- East Ybor Location within the state of Florida
- Coordinates: 27°57′45″N 82°25′49″W﻿ / ﻿27.96250°N 82.43028°W
- Country: United States
- State: Florida
- County: Hillsborough
- City: Tampa

Population (2010)
- • Total: 536
- Time zone: UTC-5 (Eastern (EST))
- • Summer (DST): UTC-4 (EDT)
- ZIP codes: 33605

= East Ybor =

East Ybor is a neighborhood within the city limits of Tampa, Florida. As of the 2010 census the neighborhood had a population of 536. The ZIP Codes serving the neighborhood is 33605. The neighborhood is located just east of the historic Ybor City.

==Geography==
East Ybor boundaries are Adamo Drive to the south, Interstate 4 to the north, 39th Street to the east and Ybor City to the west.

==Demographics==
At the 2010 census there were 536 people and 220 households residing in the neighborhood. The population density was 1,913/mi^{2}. The racial makeup of the neighborhood was 33% White, 62% African American, 0% Native American, 1% Asian, 1% from other races, and 2% from two or more races. Hispanic or Latino of any race were 12%.
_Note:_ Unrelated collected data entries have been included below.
lemma measurable_W_bm_filtration:
  assumes "0 \<le> s" "s \<le> t"
  shows "W s \<in> borel_measurable (\<F> t)"
proof (rule measurableI)
  fix A :: "real set" assume "A \<in> sets borel"
  then have "W s -` A \<inter> space M \<in> (\<Union>s\<in>{0..t}. {W s -` B \<inter> space M | B. B \<in> sets borel}) \<union> null_sets M"
    using assms by auto
  then show "W s -` A \<inter> space (\<F> t) \<in> sets (\<F> t)"
    unfolding sets_bm_filtration by (simp add: sigma_sets.Basic)
qed simp

definition W_cylinders :: "real \<Rightarrow> 'a set set" where
  "W_cylinders t = {{\<omega>\<in>space M. \<forall>j\<in>J. W j \<omega> \<in> B j} | J B.
     finite J \<and> J \<subseteq> {0..t} \<and> (\<forall>j. B j \<in> sets borel)}"

lemma W_cylinders_events: "W_cylinders t \<subseteq> events"
proof
  fix a assume "a \<in> W_cylinders t"
  then obtain J B where a: "a = {\<omega>\<in>space M. \<forall>j\<in>J. W j \<omega> \<in> B j}" "finite J" "\<And>j. B j \<in> sets borel"
    unfolding W_cylinders_def by blast
  have "Measurable.pred M (\<lambda>\<omega>. \<forall>j\<in>J. W j \<omega> \<in> B j)"
    using a(2) by (intro pred_intros_finite pred_sets2[OF a(3)]) auto
  then show "a \<in> events" by (simp add: pred_def a(1))
qed

lemma Int_stable_W_cylinders: "Int_stable (W_cylinders t)"
proof (rule Int_stableI)
  fix a b assume "a \<in> W_cylinders t" "b \<in> W_cylinders t"
  then obtain J1 B1 J2 B2
    where a: "a = {\<omega>\<in>space M. \<forall>j\<in>J1. W j \<omega> \<in> B1 j}" "finite J1" "J1 \<subseteq> {0..t}" "\<And>j. B1 j \<in> sets borel"
      and b: "b = {\<omega>\<in>space M. \<forall>j\<in>J2. W j \<omega> \<in> B2 j}" "finite J2" "J2 \<subseteq> {0..t}" "\<And>j. B2 j \<in> sets borel"
    unfolding W_cylinders_def by blast
  define B where "B j = (if j \<in> J1 then B1 j else UNIV) \<inter> (if j \<in> J2 then B2 j else UNIV)" for j
  have "a \<inter> b = {\<omega>\<in>space M. \<forall>j\<in>J1 \<union> J2. W j \<omega> \<in> B j}"
    unfolding a b B_def by auto
  moreover have "\<forall>j. B j \<in> sets borel" using a(4) b(4) by (simp add: B_def)
  ultimately show "a \<inter> b \<in> W_cylinders t"
    unfolding W_cylinders_def using a(2,3) b(2,3) by (intro CollectI exI[of _ "J1 \<union> J2"] exI[of _ B]) auto
qed

lemma sets_bm_filtration_subset_cylinders:
  "sets (\<F> t) \<subseteq> sigma_sets (space M) (W_cylinders t \<union> null_sets M)"
  unfolding sets_bm_filtration
proof (rule sigma_sets_mono')
  have "W s -` B \<inter> space M \<in> W_cylinders t" if "s \<in> {0..t}" "B \<in> sets borel" for s B
  proof -
    have "W s -` B \<inter> space M = {\<omega>\<in>space M. \<forall>j\<in>{s}. W j \<omega> \<in> B}" by auto
    then show ?thesis
      unfolding W_cylinders_def using that by (intro CollectI exI[of _ "{s}"] exI[of _ "\<lambda>_. B"]) auto
  qed
  then show "(\<Union>s\<in>{0..t}. {W s -` B \<inter> space M | B. B \<in> sets borel}) \<union> null_sets M
      \<subseteq> W_cylinders t \<union> null_sets M"
    by blast
qed

lemma indep_set_bm_filtration_increment:
  assumes "0 \<le> t" "0 < h"
  shows "indep_set (sets (\<F> t))
    (sigma_sets (space M) {(\<lambda>\<omega>. W (t + h) \<omega> - W t \<omega>) -` C \<inter> space M | C. C \<in> sets borel})"
proof -
  let ?incr = "{(\<lambda>\<omega>. W (t + h) \<omega> - W t \<omega>) -` C \<inter> space M | C. C \<in> sets borel}"
  have incr_events: "?incr \<subseteq> events"
  proof safe
    fix C :: "real set" assume "C \<in> sets borel"
    then show "(\<lambda>\<omega>. W (t + h) \<omega> - W t \<omega>) -` C \<inter> space M \<in> events" by measurable
  qed
  have "indep_set (W_cylinders t) ?incr"
    unfolding indep_sets2_eq
  proof (intro conjI ballI W_cylinders_events incr_events)
    fix a b assume "a \<in> W_cylinders t" "b \<in> ?incr"
    then obtain J B C where "a = {\<omega>\<in>space M. \<forall>j\<in>J. W j \<omega> \<in> B j}" "finite J" "J \<subseteq> {0..t}"
      "\<And>j. B j \<in> sets borel" "b = (\<lambda>\<omega>. W (t + h) \<omega> - W t \<omega>) -` C \<inter> space M" "C \<in> sets borel"
      unfolding W_cylinders_def by blast
    then show "prob (a \<inter> b) = prob a * prob b"
      using prob_W_past_increment[of J t h B C] assms by simp
  qed
  moreover have "Int_stable ?incr"
  proof (rule Int_stableI)
    fix a b assume "a \<in> ?incr" "b \<in> ?incr"
    then obtain C D where "a = (\<lambda>\<omega>. W (t + h) \<omega> - W t \<omega>) -` C \<inter> space M" "C \<in> sets borel"
      "b = (\<lambda>\<omega>. W (t + h) \<omega> - W t \<omega>) -` D \<inter> space M" "D \<in> sets borel" by blast
    then show "a \<inter> b \<in> ?incr" by (intro CollectI exI[of _ "C \<inter> D"]) auto
  qed
  ultimately have "indep_set (sigma_sets (space M) (W_cylinders t \<union> null_sets M)) (sigma_sets (space M) ?incr)"
    by (intro indep_set_sigma_sets indep_set_Un_null_sets Int_stable_Un_null_sets
        Int_stable_W_cylinders W_cylinders_events)
  then show ?thesis
    using sets_bm_filtration_subset_cylinders unfolding indep_sets2_eq by blast
qed

lemma indep_var_bm_filtration_increment:
  fixes f :: "'a \<Rightarrow> real" and g :: "real \<Rightarrow> real"
  assumes "0 \<le> t" "0 < h" and f: "f \<in> borel_measurable (\<F> t)" and g: "g \<in> borel_measurable borel"
  shows "indep_var borel f borel (\<lambda>\<omega>. g (W (t + h) \<omega> - W t \<omega>))"
  unfolding indep_var_eq
proof (intro conjI)
  show "random_variable borel f"
    using measurable_from_subalg[OF subalgebra_bm_filtration f] .
  show "random_variable borel (\<lambda>\<omega>. g (W (t + h) \<omega> - W t \<omega>))" using g by measurable
  have "sigma_sets (space M) {f -` A \<inter> space M | A. A \<in> sets borel} \<subseteq> sets (\<F> t)"
    using sets.sigma_sets_subset[of "{f -` A \<inter> space M | A. A \<in> sets borel}" "\<F> t"] measurable_sets[OF f]
    by auto
  moreover have "sigma_sets (space M) {(\<lambda>\<omega>. g (W (t + h) \<omega> - W t \<omega>)) -` A \<inter> space M | A. A \<in> sets borel}
    \<subseteq> sigma_sets (space M) {(\<lambda>\<omega>. W (t + h) \<omega> - W t \<omega>) -` C \<inter> space M | C. C \<in> sets borel}"
  proof (intro sigma_sets_mono' subsetI)
    fix x assume "x \<in> {(\<lambda>\<omega>. g (W (t + h) \<omega> - W t \<omega>)) -` A \<inter> space M | A. A \<in> sets borel}"
    then obtain A where "A \<in> sets borel" "x = (\<lambda>\<omega>. W (t + h) \<omega> - W t \<omega>) -` (g -` A) \<inter> space M" by auto
    moreover have "g -` A \<in> sets borel" using measurable_sets[OF g \<open>A \<in> sets borel\<close>] by simp
    ultimately show "x \<in> {(\<lambda>\<omega>. W (t + h) \<omega> - W t \<omega>) -` C \<inter> space M | C. C \<in> sets borel}" by blast
  qed
  ultimately show "indep_set (sigma_sets (space M) {f -` A \<inter> space M | A. A \<in> sets borel})
     (sigma_sets (space M) {(\<lambda>\<omega>. g (W (t + h) \<omega> - W t \<omega>)) -` A \<inter> space M | A. A \<in> sets borel})"
    using indep_set_bm_filtration_increment[OF assms(1,2)] unfolding indep_sets2_eq by blast
qed

section \<open>Optional stopping for the exponential martingale\<close>

definition exp_mart :: "real \<Rightarrow> real \<Rightarrow> 'a \<Rightarrow> real" where
  "exp_mart b t \<omega> = exp (b * W t \<omega> - b\<^sup>2 / 2 * t)"

lemma borel_measurable_exp_mart[measurable]: "exp_mart b t \<in> borel_measurable M"
  unfolding exp_mart_def by measurable

lemma exp_mart_pos: "0 < exp_mart b t \<omega>"
  by (simp add: exp_mart_def)

lemma exp_mart_square: "(exp_mart b t \<omega>)\<^sup>2 = exp (b\<^sup>2 * t) * exp_mart (2 * b) t \<omega>"
proof -
  have "2 * (b * W t \<omega> - b\<^sup>2 / 2 * t) = b\<^sup>2 * t + (2 * b * W t \<omega> - (2 * b)\<^sup>2 / 2 * t)"
    by (simp add: power2_eq_square algebra_simps)
  then show ?thesis
    unfolding exp_mart_def by (simp add: power2_eq_square exp_add[symmetric])
qed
Of the 220 households 21% had children under the age of 18 living with them, 19% were married couples living together, 18% had a female householder with no husband present, and 15% were non-families. 39% of households were made up of individuals.

The age distribution was 20% under the age of 18, 24% from 18 to 34, 22% from 35 to 49, 22% from 50 to 64, and 15% 65 or older. For every 100 females, there were 123.3 males.

The per capita income for the neighborhood was $9,905. About 26% of the population were below the poverty line, 34% of those are under the age of 18.